AI has a big carbon footprint

  • In order to carry out the tasks they’re supposed to, AI models need to process with bulk of data to learn to recognize an image of a car, for example, an algorithm will need to churn through millions of pictures of cars. Or in the case of ChatGPT, it’s fed colossal text databases from the internet to learn to handle human language.
  • This data crunching happens in data centers. It requires a lot of computing power and is energy-intensive.
  • “The entire data center infrastructure and data submission networks account for 2-4% of global CO2 emissions,”. This is not only AI, but AI is a large part of that.” That’s on a par with aviation industry emissions.
  • It’s important to note that the Massachusetts study’s estimate was for an especially energy-intensive AI model.
    • Smaller models can run on a laptop and use less energy. But those that use deep learning, such as algorithms that curate social media content, or ChatGPT, need a significant amount of computing power.

 

So what can be done to tackle AI’s footprint?

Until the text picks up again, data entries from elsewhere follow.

lemma Sop_gpow_Top_gpow:
  assumes h: "h holomorphic_on ball 0 1" and g: "g holomorphic_on ball 0 1"
    and exp_h: "\<forall>w\<in>ball 0 1. exp (h w) = g w"
    and F: "F holomorphic_on ball 0 1" and "z \<in> ball 0 1"
  shows "Sop (gpow h b) (Top (gpow h b) F) z = of_real b * Top g (Mop (gpow h (2 * b - 1)) F) z"
proof -
  let ?L = "Sop (gpow h b) (Top (gpow h b) F)"
  let ?R = "\<lambda>z. of_real b * Top g (Mop (gpow h (2 * b - 1)) F) z"
  show ?thesis
  proof (rule eq_if_field_derivatives_agree[where S = "ball 0 1" and a = 0 and F = ?L and G = ?R])
    fix w :: complex assume w: "w \<in> ball 0 1"
    have "Top (gpow h b) F holomorphic_on ball 0 1"
      by (intro Top_holomorphic gpow_holomorphic h F)
    then have "(?L has_field_derivative deriv (Top (gpow h b) F) w * gpow h b w) (at w)"
      by (intro Sop_has_field_derivative gpow_holomorphic h w)
    moreover have "deriv (Top (gpow h b) F) w = of_real b * deriv h w * gpow h b w * F w"
      by (intro DERIV_imp_deriv Top_gpow_has_field_derivative h F w)
    ultimately show "(?L has_field_derivative
        of_real b * deriv h w * gpow h b w * F w * gpow h b w) (at w)"
      by simp
    show "(?R has_field_derivative of_real b * (Mop (gpow h (2 * b - 1)) F w * deriv g w)) (at w)"
      by (intro DERIV_cmult Top_has_field_derivative Mop_holomorphic gpow_holomorphic g h F w)
    have "deriv g w = deriv h w * gpow h 1 w"
      using exp_branch_has_field_derivative[OF h open_ball exp_h w] exp_h w
      by (simp add: DERIV_imp_deriv gpow_def)
    moreover have "gpow h (2 * b - 1) w * gpow h 1 w = gpow h b w * gpow h b w"
      by (simp add: gpow_mult)
    ultimately show "of_real b * deriv h w * gpow h b w * F w * gpow h b w
      = of_real b * (Mop (gpow h (2 * b - 1)) F w * deriv g w)"
      by (simp add: Mop_def algebra_simps)
  qed (use \<open>z \<in> ball 0 1\<close> in auto)
qed

theorem lemma5p2:
  fixes g h :: "complex \<Rightarrow> complex" and \<beta> \<epsilon> :: real
  assumes "g holomorphic_on ball 0 1"
    and "\<forall>z\<in>ball 0 1. g z \<noteq> 0"
    and "h holomorphic_on ball 0 1"
    and "\<forall>z\<in>ball 0 1. exp (h z) = g z"
    and "\<epsilon> \<noteq> 1"
    and "f holomorphic_on ball 0 1"
    and "z \<in> ball 0 1"
  shows "Sop (gpow h \<beta>) (Top (gpow h \<beta>) (Top (gpow h \<beta>) f)) z =
     of_real ((2 * \<beta> - 1) * \<beta> / (1 - \<epsilon>)) *
       Top g (Top (gpow h (1 - \<epsilon>)) (Mop (gpow h (2 * \<beta> - 2 + \<epsilon>)) (Top (gpow h \<beta>) f))) z
   + of_real (\<beta>^2 / (1 - \<epsilon>)) *
       Top g (Top (gpow h (1 - \<epsilon>)) (Mop (gpow h (3 * \<beta> - 2 + \<epsilon>)) f)) z"
proof -
  note g = \<open>g holomorphic_on ball 0 1\<close> and h = \<open>h holomorphic_on ball 0 1\<close>
    and f = \<open>f holomorphic_on ball 0 1\<close> and z = \<open>z \<in> ball 0 1\<close>
  let ?T1 = "Top (gpow h \<beta>) f"
  let ?A1 = "Top (gpow h (1 - \<epsilon>)) (Mop (gpow h (2 * \<beta> - 2 + \<epsilon>)) ?T1)"
  let ?A2 = "Top (gpow h (1 - \<epsilon>)) (Mop (gpow h (3 * \<beta> - 2 + \<epsilon>)) f)"
  let ?c1 = "of_real ((2 * \<beta> - 1) * \<beta> / (1 - \<epsilon>)) :: complex"
  let ?c2 = "of_real (\<beta>^2 / (1 - \<epsilon>)) :: complex"
  have T1: "?T1 holomorphic_on ball 0 1"
    by (intro Top_holomorphic gpow_holomorphic h f)
  have A: "?A1 holomorphic_on ball 0 1" "?A2 holomorphic_on ball 0 1"
    by (intro Top_holomorphic Mop_holomorphic gpow_holomorphic h f T1)+
  have "1 - \<epsilon> \<noteq> 0"
    using \<open>\<epsilon> \<noteq> 1\<close> by simp
  have ibp: "?c1 * ?A1 w + ?c2 * ?A2 w = of_real \<beta> * Mop (gpow h (2 * \<beta> - 1)) ?T1 w"
    if "w \<in> ball 0 1" for w
    using gpow_mult_Top_gpow[OF h f \<open>1 - \<epsilon> \<noteq> 0\<close> that, where a = "2 * \<beta> - 1" and b = \<beta>]
    by (simp add: Mop_def power2_eq_square algebra_simps)
  have "?c1 * Top g ?A1 z + ?c2 * Top g ?A2 z = Top g (\<lambda>w. ?c1 * ?A1 w) z + Top g (\<lambda>w. ?c2 * ?A2 w) z"
    by (simp only: Top_cmult g A z)
  also have "\<dots> = Top g (\<lambda>w. ?c1 * ?A1 w + ?c2 * ?A2 w) z"
    by (rule Top_add[symmetric]) (use g A z in \<open>auto intro!: holomorphic_intros\<close>)
  also have "\<dots> = Top g (\<lambda>w. of_real \<beta> * Mop (gpow h (2 * \<beta> - 1)) ?T1 w) z"
    using z by (intro Top_cong ibp)
  also have "\<dots> = of_real \<beta> * Top g (Mop (gpow h (2 * \<beta> - 1)) ?T1) z"
    using g z by (intro Top_cmult Mop_holomorphic gpow_holomorphic h T1)
  also have "\<dots> = Sop (gpow h \<beta>) (Top (gpow h \<beta>) ?T1) z"
    using Sop_gpow_Top_gpow[OF h g \<open>\<forall>z\<in>ball 0 1. exp (h z) = g z\<close> T1 z] by simp
  finally show ?thesis
    by simp
qed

  • Environmental concerns need to be taken into account right from the start in the algorithm design and training phases.
  • There is need to consider the entire production chain and all the environmental problems that are connected to this chain… most notably energy consumption and emissions, but also material toxicity and electronic waste
  • Rather than building bigger and bigger AI models, as is the current trend, companies could scale them down, use smaller data sets and ensure the AI is trained on the most efficient hardware available.
  • Using data centers in regions that rely on renewable energy and don’t require huge amounts of water for cooling could also make a difference.
    • As, huge facilities in parts of the US or Australia, where fossil fuels make up a significant chunk of the energy mix, will produce more emissions than in Iceland, where geothermal power is a main source of energy and lower temperatures make cooling servers easier.
  • Energy isn’t the only consideration. The huge amount of water data centers need to prevent their facilities from overheating has raised concerns in some water-stressed regions, such as Santiago, Chile.

 

Emissions aside, there is need of efficient use of AI for environment protection?

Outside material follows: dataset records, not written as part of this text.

lemma orbit_approaches_fixed_point:
  assumes ab: "0 \<le> a" "b \<le> 1" and free: "{a<..<b} \<inter> Fix = {}"
    and c: "a < c" "c < b" and d: "d < b"
  shows "\<exists>h\<in>carrier G. d \<le> \<phi> h c"
proof (rule ccontr)
  assume "\<not> ?thesis"
  then have below: "\<forall>h\<in>carrier G. \<phi> h c < d"
    by auto
  define orbit where "orbit = (\<lambda>g. \<phi> g c) ` carrier G"
  define s where "s = Sup orbit"
  have c_unit: "c \<in> {0..1}"
    using ab c by auto
  have orbit_unit: "orbit \<subseteq> {0..1}"
    unfolding orbit_def using PL_homeo_in_unit[OF action_PL] c_unit by blast
  have bdd: "bdd_above orbit"
    using orbit_unit by (meson atLeastAtMost_iff bdd_above.I subsetD)
  have c_orbit: "c \<in> orbit"
    unfolding orbit_def using action_one by (auto intro: image_eqI[of _ _ \<one>])
  then have "orbit \<noteq> {}"
    by blast
  have "c \<le> s"
    unfolding s_def using c_orbit bdd by (rule cSup_upper)
  moreover have "s \<le> d"
    unfolding s_def using below \<open>orbit \<noteq> {}\<close> by (intro cSup_least) (auto simp: orbit_def)
  moreover have s_unit: "s \<in> {0..1}"
    using \<open>c \<le> s\<close> \<open>s \<le> d\<close> c_unit d ab by auto
  text \<open>The supremum of an orbit is pushed up by every group element, hence it is fixed.\<close>
  have up: "s \<le> \<phi> k s" if k: "k \<in> carrier G" for k
    unfolding s_def
  proof (rule cSup_least[OF \<open>orbit \<noteq> {}\<close>])
    fix x
    assume "x \<in> orbit"
    then obtain g where g: "g \<in> carrier G" "x = \<phi> g c"
      unfolding orbit_def by auto
    have "\<phi> (inv k \<otimes> g) c \<in> orbit"
      unfolding orbit_def using g k by auto
    then have "\<phi> k (\<phi> (inv k \<otimes> g) c) \<le> \<phi> k (Sup orbit)"
      using PL_homeo_le[OF action_PL[OF k]] cSup_upper[OF _ bdd] orbit_unit s_unit
      unfolding s_def by blast
    then show "x \<le> \<phi> k (Sup orbit)"
      using g k by (simp add: action_mult_apply action_inv_right)
  qed
  have "s \<in> Fix"
    unfolding Fix_def
  proof safe
    fix k
    assume k: "k \<in> carrier G"
    have "\<phi> k s \<le> \<phi> k (\<phi> (inv k) s)"
      using up[of "inv k"] PL_homeo_le[OF action_PL[OF k]] PL_homeo_in_unit[OF action_PL[of "inv k"]]
        k s_unit by simp
    then show "\<phi> k s = s"
      using up[OF k] action_inv_right[OF k] by simp
  qed
  ultimately have "s \<in> {a<..<b} \<inter> Fix"
    using c d by auto
  then show False
    using free by blast
qed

  • Even if big tech companies shrink AI’s energy use, there’s another issue that is potentially more damaging to the environment.
  •  There should be more focus on the way AI is being used to speed up activities that contribute to counter  climate change.
  • For e.g. example e use of AI for advertising. These are deliberately “designed to increase consumption, which assuredly comes with a very significant climate cost,”
  • Google has since said it will no longer build customized AI tools to help companies extract fossil fuels.

 

 

Conclusion:

  • The role of artificial intelligence is only likely to become more significant in the future. And keeping up with such rapidly advancing technology will be a challenge.
  • Therefore, regulation is crucial to ensuring AI development is sustainable and doesn’t make emissions targets harder to reach.
  • Along with it, governments should  also make aware the people about how to deal with AI — to encourage innovation in the field and reap the benefits this new technology brings, while avoiding the potential dangers and protecting citizens.